● Dataset items
--- START ---
lemma CE_loss_demote_arm1:
  assumes D: "misleading_data D" and le: "r 2 \<le> r 1"
  shows "CE_loss D (r(1 := r 2 - 1)) + (ln (sigm 1) - ln (sigm 0)) / length D \<le> CE_loss D r"
proof -
  define r' where "r' = r(1 := r 2 - 1)"
  define gain where "gain i = pref_loglik r' (D ! i) - pref_loglik r (D ! i)" for i
  from D obtain j where j: "j < length D" "D ! j = (1, 2, False)"
    unfolding misleading_data_def by (metis in_set_conv_nth)
  have lost: "ln (sigm (r 2 - r 1)) \<le> ln (sigm 1)" "ln (sigm (r 2 - r 1)) \<le> ln (sigm 0)"
    using le sigm_mono[of "r 2 - r 1" 1] sigm_mono[of "r 2 - r 1" 0] sigm_pos by auto
  have gain_nonneg: "0 \<le> gain i" if "i < length D" for i
  proof -
    have "D ! i \<in> {(1, 2, False), (2, 3, True), (2, 3, False)}"
      using D that nth_mem unfolding misleading_data_def by blast
    then show ?thesis using lost unfolding gain_def pref_loglik_def r'_def by auto
  qed
  have gain_j: "ln (sigm 1) - ln (sigm 0) \<le> gain j"
    using lost j unfolding gain_def pref_loglik_def r'_def by auto
  have "ln (sigm 1) - ln (sigm 0) \<le> (\<Sum>i<length D. gain i)"
    using member_le_sum[of j "{..<length D}" gain] gain_nonneg gain_j j by auto
  then have "(ln (sigm 1) - ln (sigm 0)) / length D \<le> (\<Sum>i<length D. gain i) / length D"
    by (simp add: divide_right_mono)
  then show ?thesis
    unfolding CE_loss_eq_sum r'_def[symmetric] gain_def sum_subtractf
    by (simp add: diff_divide_distrib)
qed

lemma misleading_data_minimizers_demote_arm1:
  assumes D: "misleading_data D" and rs: "\<And>m. rs m 3 = 0"
    and lim: "(\<lambda>m. CE_loss D (rs m)) \<longlonglongrightarrow> (INF r \<in> {r. r 3 = 0}. CE_loss D r)"
  shows "\<forall>\<^sub>F m in sequentially. rs m 1 < rs m 2"
proof -
  have "0 < ln (sigm 1) - ln (sigm 0)"
    using sigm_strict_mono[of 0 1] sigm_pos[of 0] by simp
  moreover have "0 < length D"
    using D unfolding misleading_data_def by auto
  ultimately have "\<forall>\<^sub>F m in sequentially. \<not> rs m 2 \<le> rs m 1"
    using CE_loss_nonneg CE_loss_demote_arm1[OF D] rs lim
    by (intro minimizing_seq_eventually_avoids[where g = "\<lambda>r. r(1 := r 2 - 1)"])
       (auto intro: bdd_belowI2[of _ 0])
  then show ?thesis by (simp add: not_le)
qed

lemma not_argmax_arm1: "r 1 < r 2 \<Longrightarrow> 1 \<notin> argmax_arms r"
  unfolding argmax_arms_def arms3_def by auto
--- END ---
● Work instructions
Copy, please, exactly the lines that start at the first line of the data and end at the line containing "from D obtain", both kept and no others.

● Output of the exercise
lemma CE_loss_demote_arm1:
  assumes D: "misleading_data D" and le: "r 2 \<le> r 1"
  shows "CE_loss D (r(1 := r 2 - 1)) + (ln (sigm 1) - ln (sigm 0)) / length D \<le> CE_loss D r"
proof -
  define r' where "r' = r(1 := r 2 - 1)"
  define gain where "gain i = pref_loglik r' (D ! i) - pref_loglik r (D ! i)" for i
  from D obtain j where j: "j < length D" "D ! j = (1, 2, False)"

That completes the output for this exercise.